Data stream modeling and query execution

  • We developed and implemented a model of the data that streams from the Select clause through result operators (being transformed in that process) and finally out of the QueryModel. This data is represented in an abstract form as IStreamedDataInfo objects, concrete data values are represented as IStreamedData objects. You can obtain the data info via QueryModel.GetOutputDataInfo(); this replaces QueryModel.GetResultType().
  • Based on IStreamedData, we improved the ExecuteInMemory facilities of the result operators. This means that a LINQ provider based on re-linq can now easily execute result operators in memory that it can’t translate to its destination query language. This should of course be used very carefully, as fetching all data in memory and then filtering it there might quickly become very inefficient. However, it’s a quick way to get started.
  • We eliminated IExecutionStrategy.
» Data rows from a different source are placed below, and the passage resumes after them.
locale signed_lindley_stationary = prob_space M for M :: "'a measure" +
  fixes X Y W B :: "'a \<Rightarrow> real" and p \<kappa> :: real
  assumes X_measurable[measurable]: "X \<in> borel_measurable M"
    and Y_measurable[measurable]: "Y \<in> borel_measurable M"
    and W_measurable[measurable]: "W \<in> borel_measurable M"
    and B_measurable[measurable]: "B \<in> borel_measurable M"
    and indep: "indep_vars (\<lambda>_. borel)
          (\<lambda>i::nat. if i = 0 then X else if i = 1 then Y else if i = 2 then W else B)
          {0, 1, 2, 3}"
    and p_pos: "0 < p" and p_less_1: "p < 1"
    and Y_1: "prob {\<omega> \<in> space M. Y \<omega> = 1} = p"
    and Y_minus_1: "prob {\<omega> \<in> space M. Y \<omega> = -1} = 1 - p"
    and B_1: "prob {\<omega> \<in> space M. B \<omega> = 1} = p"
    and B_0: "prob {\<omega> \<in> space M. B \<omega> = 0} = 1 - p"
    and stationary: "distr M borel W = distr M borel (\<lambda>\<omega>. max 0 (Y \<omega> * W \<omega> + X \<omega>))"
    and kappa_pos: "0 < \<kappa>"
    and integrable_exp_X: "integrable M (\<lambda>\<omega>. exp (\<kappa> * X \<omega>))"
begin

lemma indep_XW:
  assumes [measurable]: "g \<in> borel_measurable (borel \<Otimes>\<^sub>M borel)"
  shows indep_Y_XW: "indep_var borel Y borel (\<lambda>\<omega>. g (X \<omega>, W \<omega>))"
    and indep_B_XW: "indep_var borel B borel (\<lambda>\<omega>. g (X \<omega>, W \<omega>))"
proof -
  let ?Z = "\<lambda>i::nat. if i = 0 then X else if i = 1 then Y else if i = 2 then W else B"
  have g_XW: "(\<lambda>h. g (h 0, h 2)) \<in> borel_measurable (PiM {0, 2} (\<lambda>_. borel))"
    by (intro measurable_compose[OF _ assms] measurable_Pair measurable_component_singleton) auto
  have "indep_var borel (?Z i) borel (\<lambda>\<omega>. (\<lambda>h. g (h 0, h 2)) (restrict (\<lambda>i. ?Z i \<omega>) {0, 2}))"
    if "i \<in> {1, 3}" for i
    by (rule indep_var_restrict_compose[OF indep _ _ _ g_XW]) (use that in auto)
  from this[of 1] this[of 3]
  show "indep_var borel Y borel (\<lambda>\<omega>. g (X \<omega>, W \<omega>))" "indep_var borel B borel (\<lambda>\<omega>. g (X \<omega>, W \<omega>))"
    by simp_all
qed
(* Let $\alpha>0$, $\alpha\neq1$. For every unitary $U\in\mathcal{U}(d)$, $H_\alpha(U)=0$ if and only if $U$ belongs to the Clifford group $\mathcal{C}_n(d_L)$.
   Context: Let $d_L\ge 2$, $n\ge1$, $d=d_L^n$. On $\mathbb{C}^{d_L}$ with computational basis $\{|k\rangle\}_{k\in\mathbb{Z}_{d_L}}$, let $Z|k\rangle=\omega^k|k\rangle$, $X|k\rangle=|k+1\rangle$ (mod $d_L$), $\omega=e^{2\pi i/d_L}$, $\tau=-e^{i\pi/d_L}$, $D_{(a_1,a_2)}=\tau^{a_1a_2}X^{a_1}Z^{a_2}$, and for $\mathbf a=\mathbf a_1\oplus\cdots\oplus\mathbf a_n\in\mathbb{Z}_{d_L}^{2n}$ let $D_{\mathbf a}=D_{\mathbf a_1}\otimes\cdots\otimes D_{\mathbf a_n}$ acting on $\mathbb{C}^d$. The Clifford group $\mathcal{C}_n(d_L)$ is the set of unitaries $C$ on $\mathbb{C}^d$ such that for every $\mathbf a$ there exist $s\in\mathbb{Z}_{d_L}$ and $\mathbf a'$ with $CD_{\mathbf a}C^\dagger=\omega^sD_{\mathbf a'}$. For a unitary $U$ let $\mathfrak{C}_{\mathbf{ab}}(U)=\frac1d\operatorname{tr}(D_{\mathbf a}^\dagger UD_{\mathbf b}U^\dagger)$, $\mathfrak{D}_{\mathbf{ab}}(U)=|\mathfrak{C}_{\mathbf{ab}}(U)|^2$, and the $\alpha$-Clifford entropy $H_\alpha(U)=\frac{1}{\alpha-1}\Big(1-\frac{1}{d^2}\sum_{\mathbf a,\mathbf b\in\mathbb{Z}_{d_L}^{2n}}\mathfrak{D}_{\mathbf{ab}}(U)^\alpha\Big)$. *)

theory Defs
  imports Complex_Main "Jordan_Normal_Form.Matrix"
begin

definition adj :: "complex mat \<Rightarrow> complex mat" where
  "adj M = mat (dim_col M) (dim_row M) (\<lambda>(i,j). cnj (M $$ (j,i)))"

definition mtrace :: "complex mat \<Rightarrow> complex" where
  "mtrace M = (\<Sum>i<dim_row M. M $$ (i,i))"

definition unitary_mat :: "nat \<Rightarrow> complex mat \<Rightarrow> bool" where
  "unitary_mat m U \<longleftrightarrow> U \<in> carrier_mat m m \<and> U * adj U = 1\<^sub>m m \<and> adj U * U = 1\<^sub>m m"
(* For every wqo $A$ there exists $m\in\mathbb{N}$ such that $$1+\mathbf{h}(A)\;\le\;\mathbf{h}(\mathcal{P}_f(A))\;\le\;\begin{cases}2^{\mathbf{h}(A)} & \text{if } \mathbf{h}(A) \text{ is a limit ordinal},\\ 2^{\mathbf{h}(A)}\cdot m & \text{if } \mathbf{h}(A)\text{ is a successor ordinal.}\end{cases}$$
   Context: A quasi-order $(A,\le)$ is a well-quasi-order (wqo) if every infinite sequence $x_0,x_1,\dots$ in $A$ has indices $i<j$ with $x_i\le x_j$. For a wqo $A$, let $\mathrm{Bad}(A)$, $\mathrm{Dec}(A)$, $\mathrm{Inco}(A)$ be the trees of finite bad sequences (sequences with no $i<j$, $x_i\le x_j$), finite strictly decreasing sequences, and finite sequences of pairwise incomparable elements of $A$, respectively; the root is the empty sequence and the children of a sequence are its one-element extensions. These trees are well-founded; the rank of a node $s$ is $r(s)=\sup\{r(t)+1 : t \text{ a child of } s\}$. The maximal order type $\mathbf{o}(A)$, height $\mathbf{h}(A)$ and width $\mathbf{w}(A)$ are the ranks of the roots of $\mathrm{Bad}(A)$, $\mathrm{Dec}(A)$, $\mathrm{Inco}(A)$ respectively. $\mathcal{P}_f(A)$ denotes the set of finite subsets of $A$ ordered by the Hoare embedding: $S\le_H S'$ iff for every $a\in S$ there is $b\in S'$ with $a\le b$. Ordinal arithmetic (sum, product, exponentiation) is the usual one. *)

theory Defs
  imports Main
begin

definition qo_on :: "'a set \<Rightarrow> ('a \<Rightarrow> 'a \<Rightarrow> bool) \<Rightarrow> bool" where
  "qo_on A le \<longleftrightarrow> (\<forall>x\<in>A. le x x) \<and> (\<forall>x\<in>A. \<forall>y\<in>A. \<forall>z\<in>A. le x y \<longrightarrow> le y z \<longrightarrow> le x z)"

definition wqo_on :: "'a set \<Rightarrow> ('a \<Rightarrow> 'a \<Rightarrow> bool) \<Rightarrow> bool" where
  "wqo_on A le \<longleftrightarrow> qo_on A le \<and>
     (\<forall>f :: nat \<Rightarrow> 'a. (\<forall>i. f i \<in> A) \<longrightarrow> (\<exists>i j. i < j \<and> le (f i) (f j)))"

definition strict :: "('a \<Rightarrow> 'a \<Rightarrow> bool) \<Rightarrow> 'a \<Rightarrow> 'a \<Rightarrow> bool" where
  "strict le x y \<longleftrightarrow> le x y \<and> \<not> le y x"

definition Dec :: "'a set \<Rightarrow> ('a \<Rightarrow> 'a \<Rightarrow> bool) \<Rightarrow> 'a list set" where
  "Dec A le = {xs. set xs \<subseteq> A \<and> (\<forall>i j. i < j \<and> j < length xs \<longrightarrow> strict le (xs ! j) (xs ! i))}"

definition Pf :: "'a set \<Rightarrow> 'a set set" where
  "Pf A = {S. finite S \<and> S \<subseteq> A}"

definition hoare :: "('a \<Rightarrow> 'a \<Rightarrow> bool) \<Rightarrow> 'a set \<Rightarrow> 'a set \<Rightarrow> bool" where
  "hoare le S S' \<longleftrightarrow> (\<forall>a\<in>S. \<exists>b\<in>S'. le a b)"

text \<open>Ordinals are represented by well-order relations and compared with the library
  relation \<le>o.  Ranks of nodes of trees with node labels of type 'n are computed inside a
  fixed well-order that is large enough (the successor cardinal of the set of all nodes).\<close>

definition bigW :: "'n list set rel" where
  "bigW = cardSuc (card_of (UNIV :: 'n list set))"

definition tree_child :: "'n list set \<Rightarrow> ('n list \<times> 'n list) set" where
  "tree_child T = {(s @ [x], s) | s x. s \<in> T \<and> s @ [x] \<in> T}"

text \<open>r(s) = sup { r(t) + 1 : t child of s }, i.e. the least element strictly above all r(t).\<close>
definition tree_rank :: "'n list set \<Rightarrow> 'n list \<Rightarrow> 'n list set" where
  "tree_rank T = wfrec (tree_child T)
     (\<lambda>f s. wo_rel.suc bigW (f ` {t. (t, s) \<in> tree_child T}))"

text \<open>The rank of the root (the empty sequence) as an ordinal: the initial segment of bigW
  strictly below that element.\<close>
definition tree_height :: "'n list set \<Rightarrow> 'n list set rel" where
  "tree_height T = Restr bigW (underS bigW (tree_rank T []))"

definition height :: "'a set \<Rightarrow> ('a \<Rightarrow> 'a \<Rightarrow> bool) \<Rightarrow> 'a list set rel" where
  "height A le = tree_height (Dec A le)"

definition one_plus :: "'a rel \<Rightarrow> 'a option rel" where
  "one_plus r = {(None, None)} \<union> {(None, Some b) | b. b \<in> Field r}
                \<union> {(Some a, Some b) | a b. (a, b) \<in> r}"

text \<open>2^alpha: finite subsets of alpha, compared at the largest element of the symmetric
  difference (finite-support functions alpha \<rightarrow> 2, anti-lexicographically).\<close>
definition two_pow :: "'a rel \<Rightarrow> 'a set rel" where
  "two_pow r = {(S, T). finite S \<and> S \<subseteq> Field r \<and> finite T \<and> T \<subseteq> Field r \<and>
      (S = T \<or> (\<exists>x \<in> T - S. \<forall>y \<in> (S - T) \<union> (T - S). (y, x) \<in> r))}"
(* Consider the blown-up Brusselator problem described in the context, with fixed $a,d_1,d_2>0$ and $n\ge1$. Let $A(\bar{\mathbf x},\bar t)\in\mathbb C$ be smooth, $\boldsymbol\varphi=(1,-1+ia^{-1})^\top$, $\boldsymbol\varphi^*=\tfrac12(1-ia,-ia)^\top$, and $$\boldsymbol\psi^{(0)}=A(\bar{\mathbf x},\bar t)\boldsymbol\varphi e^{iat}+\overline{A}\,\overline{\boldsymbol\varphi}e^{-iat}.$$ Let $\boldsymbol\psi^{(1)}$ be any $2\pi/a$-periodic-in-$t$ solution of $$(\partial_t-M)\boldsymbol\psi^{(1)}=\Big(\tfrac{1+a^2}{a}(\psi_1^{(0)})^2+2a\psi_1^{(0)}\psi_2^{(0)}\Big)\begin{pmatrix}1\\-1\end{pmatrix},\qquad M=\begin{pmatrix}a^2&a^2\\-(1+a^2)&-a^2\end{pmatrix},$$ and let $\mathbf B^{(2)}$ be the order-$r^2$ term of the blown-up equation, $$\mathbf B^{(2)}=-(\partial_{\bar t}+r^{-1}\partial_{\bar t}r)\boldsymbol\psi^{(0)}+\mathrm{diag}(d_1,d_2)\Delta_{\bar{\mathbf x}}\boldsymbol\psi^{(0)}+\Big((1+a^2)\bar\mu\psi_1^{(0)}+\tfrac{2(1+a^2)}{a}\psi_1^{(0)}\psi_1^{(1)}+2a(\psi_1^{(0)}\psi_2^{(1)}+\psi_1^{(1)}\psi_2^{(0)})+(\psi_1^{(0)})^2\psi_2^{(0)}\Big)\begin{pmatrix}1\\-1\end{pmatrix}.$$ Writing $\mathbf B^{(2)}=\sum_{k\in\mathbb Z}\mathbf B^{(2,k)}(\bar{\mathbf x},\bar t)e^{ikat}$, the solvability condition $\boldsymbol\varphi^*\cdot\mathbf B^{(2,1)}\equiv0$ holds if and only if $$\partial_{\bar t}A=c_1\Delta_{\bar{\mathbf x}}A+\big(c_2\bar\mu(\bar t)-r(\bar t)^{-1}\partial_{\bar t}r(\bar t)\big)A-c_3A|A|^2,$$ where $\Delta_{\bar{\mathbf x}}=\sum_{j=1}^n\partial_{\bar x_j}^2$ and $$c_1=\frac{d_1+d_2-ia(d_1-d_2)}{2},\quad c_2=\frac{1+a^2}{2},\quad c_3=\frac12\Big(\frac{2+a^2}{a^2}+i\,\frac{4-7a^2+4a^4}{3a^3}\Big).$$ Consequently, in charts (with $\beta=2$): $\mathcal K_1:\ \partial_{t_1}A_1=c_1\Delta_{\mathbf x_1}A_1+(-c_2+\tfrac{\varepsilon_1(t_1)}{2})A_1-c_3A_1|A_1|^2$; $\mathcal K_2:\ \partial_{t_2}A_2=c_1\Delta_{\mathbf x_2}A_2+c_2\mu_2(t_2)A_2-c_3A_2|A_2|^2$; $\mathcal K_3:\ \partial_{t_3}A_3=c_1\Delta_{\mathbf x_3}A_3+(c_2-\tfrac{\varepsilon_3(t_3)}{2})A_3-c_3A_3|A_3|^2$, with $\varepsilon_1(t_1)=\frac{2\varepsilon_1(0)}{2-4\varepsilon_1(0)t_1}$, $\mu_2(t_2)=\mu_2(0)+t_2$, $\varepsilon_3(t_3)=\frac{2\varepsilon_3(0)}{2+4\varepsilon_3(0)t_3}$.
   Context: The dynamic Brusselator system, after translating its homogeneous steady state to the origin and setting $\mu=(b-b_c)/b_c$, $b_c=1+a^2$, is, for $\mathbf x\in\mathbb R^n$, $\partial_tu=d_1\Delta u+a^2u+a^2v+(1+a^2)u\mu+f$, $\partial_tv=d_2\Delta v-(1+a^2)u-a^2v-(1+a^2)u\mu-f-\varepsilon(1+a^2)/a$, $\dot\mu=\varepsilon$, where $f(u,v,\mu)=\frac{(1+a^2)(1+\mu)}{a}u^2+2auv+u^2v$. The blow-up (with $\beta=2$) is $(u,v)=r(\bar t)\boldsymbol\psi(t,\bar{\mathbf x},\bar t)$, $\mu=r^2\bar\mu$, $\varepsilon=r^4\bar\varepsilon$, $(\bar\mu,\bar\varepsilon)\in S^1$, with $\partial_{x_j}=r\partial_{\bar x_j}$ (the solution does not depend on the fast space variable) and $\partial_t\mapsto\partial_t+r^2\partial_{\bar t}$ (fast $t$ and slow $\bar t$ independent); $r(\bar t)>0$, $\bar\mu(\bar t)$ given, $r^{-1}\partial_{\bar t}r$ treated as order one. Expanding $\boldsymbol\psi=\sum_k\boldsymbol\psi^{(k)}r^k$ and matching powers of $r$ gives the order-$r^0$ equation $(\partial_t-M)\boldsymbol\psi^{(0)}=0$, the order-$r^1$ equation above, and $\mathbf B^{(2)}$ as the order-$r^2$ forcing. Charts: $\mathcal K_1$: $\bar\mu=-1$, $r=r_1$, $\varepsilon=r_1^4\varepsilon_1$, $\dot r_1=-\tfrac12r_1\varepsilon_1$, $\dot\varepsilon_1=2\varepsilon_1^2$; $\mathcal K_2$: $\bar\varepsilon=1$, $\mu=r_2^2\mu_2$, $\dot r_2=0$, $\dot\mu_2=1$; $\mathcal K_3$: $\bar\mu=1$, $\varepsilon=r_3^4\varepsilon_3$, $\dot r_3=\tfrac12r_3\varepsilon_3$, $\dot\varepsilon_3=-2\varepsilon_3^2$; $t_l,\mathbf x_l,A_l$ denote time, space and amplitude in chart $\mathcal K_l$, and $\Delta_{\mathbf x_l}$ the Laplacian in $\mathbf x_l$. *)

theory Defs
  imports "HOL-Analysis.Analysis"
begin
(* Let $\xi\in(0,1)$, $C=1-\xi$, and let $\lambda(x)=\sum_{i\ge2}\lambda_ix^{i-1}$, $\rho(x)=\sum_{j\ge2}\rho_jx^{j-1}$ be degree distributions. Let $b=\int_0^1\rho(x)dx$, $R=1-\frac{\int_0^1\rho(x)dx}{\int_0^1\lambda(x)dx}$ and $\Delta R=C-R$. Then $$\int_0^1\rho(1-x)\,dx-\int_0^\xi\bigl[1-\lambda^{-1}(x/\xi)\bigr]dx=\frac{b\,\Delta R}{\xi+\Delta R},$$ where $\lambda^{-1}$ denotes the inverse function of $\lambda:[0,1]\to[0,1]$.
   Context: A degree distribution is a polynomial $\gamma(x)=\sum_{k\ge2}\gamma_kx^{k-1}$ with $\gamma_k\ge0$ and $\sum_k\gamma_k=1$; in particular $\lambda$ is strictly increasing on $[0,1]$ with $\lambda(0)=0$, $\lambda(1)=1$, so $\lambda^{-1}$ is well defined on $[0,1]$. *)

theory Defs
  imports "HOL-Analysis.Analysis" "HOL-Computational_Algebra.Polynomial"
begin

text \<open>A degree distribution gamma(x) = sum over k>=2 of gamma_k x^(k-1), represented as a real
polynomial whose coefficient of x^(k-1) is gamma_k: constant coefficient 0, all coefficients
nonnegative, coefficients summing to 1.\<close>
definition degree_distribution :: "real poly \<Rightarrow> bool" where
  "degree_distribution p \<longleftrightarrow>
     coeff p 0 = 0 \<and> (\<forall>i. coeff p i \<ge> 0) \<and> (\<Sum>i\<le>degree p. coeff p i) = 1"

end

theory Submission
  imports Defs
begin

text \<open>The reflection x \<mapsto> 1 - x turns the first one
into b, the integral of \<rho> over [0,1]. For the second, since \<lambda> maps [0,1] increasingly onto
itself, the area under its inverse is the complement in the unit square of the area under \<lambda>;
after rescaling by \<xi> the second integral is therefore \<xi> a, where a is the integral of \<lambda> over
[0,1]. The right-hand side is b - \<xi> a as well, because \<xi> + \<Delta>R = b / a.\<close>

lemma integral_reflect_Icc:
  fixes f :: "real \<Rightarrow> 'b::real_normed_vector"
  shows "integral {a..b} (\<lambda>x. f (a + b - x)) = integral {a..b} f"
proof -
  have "integral {a..b} (\<lambda>x. f (a + b - x)) = integral {-b..-a} (\<lambda>x. f (a + b + x))"
    using Henstock_Kurzweil_Integration.integral_reflect_real[of "-a" "-b" "\<lambda>x. f (a + b + x)"]
    by simp
  also have "\<dots> = integral {a..b} f"
    using integral_shift_real_ivl[of a "a + b" b f] by (simp add: add.commute)
  finally show ?thesis .
qed

lemma integral_rescale_unit_interval:
  fixes f :: "real \<Rightarrow> 'b::real_normed_vector"
  assumes "0 < c"
  shows "integral {0..c} (\<lambda>x. f (x / c)) = c *\<^sub>R integral {0..1} f"
proof -
  have "(\<lambda>x. x * c) ` {0..1} = {0..c}"
    using assms image_mult_atLeastAtMost[of c 0 1] by (simp add: mult.commute)
  with integral_stretch_real[of "1 / c" 0 1 f] assms show ?thesis
    by (simp add: divide_inverse mult.commute)
qed

lemma strict_mono_on_image_Icc:
  fixes f :: "real \<Rightarrow> real"
  assumes "a \<le> b" "strict_mono_on {a..b} f" "continuous_on {a..b} f"
  shows "f ` {a..b} = {f a..f b}"
proof
  show "f ` {a..b} \<subseteq> {f a..f b}"
    using assms(1,2) by (auto intro!: strict_mono_on_leD[OF assms(2)])
  show "{f a..f b} \<subseteq> f ` {a..b}"
  proof
    fix y assume "y \<in> {f a..f b}"
    then obtain x where "x \<in> {a..b}" "f x = y"
      using IVT'[of f a y b] assms(1,3) by auto
    then show "y \<in> f ` {a..b}" by blast
  qed
qed

text \<open>Substituting y = f x turns the integral of the inverse into that of x f'(x), which
integration by parts evaluates.\<close>
lemma has_integral_the_inv_into:
  fixes f f' :: "real \<Rightarrow> real"
  assumes "a \<le> b" and mono: "strict_mono_on {a..b} f"
    and deriv: "\<And>x. x \<in> {a..b} \<Longrightarrow> (f has_real_derivative f' x) (at x within {a..b})"
  shows "(the_inv_into {a..b} f has_integral b * f b - a * f a - integral {a..b} f) {f a..f b}"
proof -
  let ?g = "the_inv_into {a..b} f"
  have cont: "continuous_on {a..b} f"
    using deriv by (rule DERIV_continuous_on)
  have image: "f ` {a..b} = {f a..f b}"
    using assms(1) mono cont by (rule strict_mono_on_image_Icc)
  have inv: "?g (f x) = x" if "x \<in> {a..b}" for x
    using the_inv_into_f_f[OF strict_mono_on_imp_inj_on[OF mono] that] .
  have cont_inv: "continuous_on {f a..f b} ?g"
    using continuous_on_inv[OF cont compact_Icc] inv image by metis
  then have "((\<lambda>x. f' x *\<^sub>R ?g (f x)) has_integral integral {f a..f b} ?g) {a..b}"
    using assms(1) image deriv by (intro has_integral_substitution) auto
  then have subst: "((\<lambda>x. x * f' x) has_integral integral {f a..f b} ?g) {a..b}"
    by (rule has_integral_eq[rotated]) (simp add: inv mult.commute)
  have "((\<lambda>x. f x + x * f' x) has_integral b * f b - a * f a) {a..b}"
    using assms(1) deriv
    by (intro fundamental_theorem_of_calculus)
       (auto intro!: derivative_eq_intros simp: has_real_derivative_iff_has_vector_derivative[symmetric])
  from has_integral_diff[OF this integrable_integral[OF integrable_continuous_real[OF cont]]]
  have "((\<lambda>x. x * f' x) has_integral b * f b - a * f a - integral {a..b} f) {a..b}"
    by simp
  with subst have "integral {f a..f b} ?g = b * f b - a * f a - integral {a..b} f"
    using has_integral_unique by blast
  with integrable_integral[OF integrable_continuous_real[OF cont_inv]] show ?thesis
    by simp
qed

lemma strict_mono_on_poly_nonneg_coeffs:
  fixes p :: "real poly"
  assumes nonneg: "\<And>i. coeff p i \<ge> 0" and "0 < degree p"
  shows "strict_mono_on {0..} (poly p)"
proof (rule strict_mono_onI)
  fix x y :: real assume "x \<in> {0..}" "x < y"
  then have xy: "0 \<le> x" "x < y" by auto
  have "0 < lead_coeff p"
    using nonneg[of "degree p"] assms(2) by (metis leading_coeff_0_iff degree_0 order_le_neq_trans less_irrefl)
  have "0 < (\<Sum>i\<le>degree p. coeff p i * (y ^ i - x ^ i))"
  proof (rule sum_pos2[of _ "degree p"])
    show "0 < lead_coeff p * (y ^ degree p - x ^ degree p)"
      using \<open>0 < lead_coeff p\<close> xy assms(2) by (simp add: power_strict_mono)
    show "0 \<le> coeff p i * (y ^ i - x ^ i)" for i
      using nonneg[of i] xy by (simp add: power_mono)
  qed auto
  also have "\<dots> = poly p y - poly p x"
    by (simp add: poly_altdef algebra_simps sum_subtractf)
  finally show "poly p x < poly p y" by simp
qed

lemma degree_distribution_poly_0:
  "degree_distribution p \<Longrightarrow> poly p 0 = 0"
  by (simp add: degree_distribution_def poly_0_coeff_0)

lemma degree_distribution_poly_1:
  "degree_distribution p \<Longrightarrow> poly p 1 = 1"
  by (simp add: degree_distribution_def poly_altdef)

lemma degree_distribution_degree_pos:
  "degree_distribution p \<Longrightarrow> 0 < degree p"
  by (cases "degree p") (auto simp: degree_distribution_def)

lemma strict_mono_on_degree_distribution:
  "degree_distribution p \<Longrightarrow> strict_mono_on {0..1} (poly p)"
  using strict_mono_on_poly_nonneg_coeffs[of p] degree_distribution_degree_pos[of p]
  by (auto simp: degree_distribution_def elim!: monotone_on_subset)

lemma integral_degree_distribution_pos:
  assumes "degree_distribution p"
  shows "0 < integral {0..1} (poly p)"
proof -
  have "poly p 0 < poly p x" if "x \<in> {0<..<1}" for x
    using strict_mono_onD[OF strict_mono_on_degree_distribution[OF assms], of 0 x] that by simp
  then have "integral {0..1} (\<lambda>_::real. 0) < integral {0..1} (poly p)"
    using degree_distribution_poly_0[OF assms]
    by (intro integral_less_real) (auto intro: continuous_intros)
  then show ?thesis by simp
qed

theorem lemma1:
  fixes \<xi> :: real and lam rho :: "real poly"
  assumes "0 < \<xi>" and "\<xi> < 1"
    and "degree_distribution lam" and "degree_distribution rho"
  shows "let C = 1 - \<xi>;
             b = integral {0..1} (poly rho);
             R = 1 - integral {0..1} (poly rho) / integral {0..1} (poly lam);
             \<Delta>R = C - R
         in integral {0..1} (\<lambda>x. poly rho (1 - x))
            - integral {0..\<xi>} (\<lambda>x. 1 - the_inv_into {0..1} (poly lam) (x / \<xi>))
            = b * \<Delta>R / (\<xi> + \<Delta>R)"
proof -
  define a where "a = integral {0..1} (poly lam)"
  define b where "b = integral {0..1} (poly rho)"
  have "0 < a" "0 < b"
    using integral_degree_distribution_pos assms(3,4) by (auto simp: a_def b_def)
  have reflect: "integral {0..1} (\<lambda>x. poly rho (1 - x)) = b"
    using integral_reflect_Icc[of 0 1 "poly rho"] by (simp add: b_def)
  have "(the_inv_into {0..1} (poly lam) has_integral 1 - a) {0..1}"
    using has_integral_the_inv_into[of 0 1 "poly lam" "poly (pderiv lam)"] assms(3)
    by (simp add: a_def strict_mono_on_degree_distribution has_field_derivative_at_within
        degree_distribution_poly_0 degree_distribution_poly_1)
  then have "((\<lambda>u. 1 - the_inv_into {0..1} (poly lam) u) has_integral a) {0..1}"
    using has_integral_diff[OF has_integral_const_real[of 1 0 1]] by force
  then have rescale: "integral {0..\<xi>} (\<lambda>x. 1 - the_inv_into {0..1} (poly lam) (x / \<xi>)) = \<xi> * a"
    using integral_rescale_unit_interval[OF assms(1), of "\<lambda>u. 1 - the_inv_into {0..1} (poly lam) u"]
    by (simp add: integral_unique)
  show ?thesis
    unfolding Let_def reflect rescale a_def[symmetric] b_def[symmetric]
    using \<open>0 < a\<close> \<open>0 < b\<close> by (simp add: field_simps)
qed

end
Executing queries is now performed by QueryModel.Execute() in conjunction with IStreamedDataInfo.
  • We refactored IQueryExecutor, there’s now an additional ExecuteSingle() method for queries that end with a single-item result operator, such as First, Last, Single, Min or Max.

Group-By support

  • We added support for GroupBy. We regard group operations as result operators, i.e. they are attached to a QueryModel and executed on the query’s result set. GroupBy is interesting insofar as it is the only query operator (yet) that also acts as a query item source. This means that a result operator following a GroupOperator (for example another GroupOperator) will have the IGroupings produced by the GroupOperator as its input.
  • In order to support GroupOperator.ExecuteInMemory(), we’ve developed a reverse resolver. This takes a resolved expression such as [student].Name (where [student] is a reference to a query item source) as well as the structure of the data streaming into the GroupOperator (e.g. new { [student], [course] }) and produces a LambdaExpression that evaluates the expression when passed an input item. We call this reverse resolving because its exactly the opposite of what our field access resolution mechanism does when a LINQ query is parsed.
    If now you ask why we implemented this even though the information is available when parsing queries before we resolve expressions, well, the answer is simple: we have a transformable query model. You can easily append a new GroupOperator or change the selector of a SelectClause at runtime. This means that we cannot just keep the information we have from parsing – that information might be completely outdated. So we have to recalculate the LambdaExpressions if we want to perform an ExecuteInMemory operation.

Eager fetching

  • We rewrote eager fetching. Eager fetch requests are now represented by result operators attached to the QueryModel. The ad-hoc fetchRequests parameters passed to IQueryExecutor are gone; instead, FetchFilteringQueryModelVisitor should be used to extract fetch requests from a QueryModel (if a query executor supports eager fetching).
  • The query methods representing the entry points to eager fetching were moved to re-store. For users of re-linq, this means that eager fetching is now an opt-in functionality: just provide the respective query methods if you want to support eager fetching. Otherwise, don’t.

Other query methods

  • We implemented support for the Join and GroupJoin query methods.
  • We now also support Enumerable’s query methods. This means that expressions such as from expressions or a where conditions that use Enumerable.Select() or similar methods are now parsed as subqueries.

Other refactorings

  • We restructured the classes in the Remotion.Data.Linq namespace. We moved our Data Model as well as everything related to SQL generation to a Backend sub-namespace. The classes in this namespace are only relevant to LINQ providers producing SQL (such as the one for re-store).
  • We did lots of other, minor refactorings.
  • And we also fixed a few conceptual bugs.

Wow, that’s a long list. But we had nearly four weeks, and we did use them well, I think.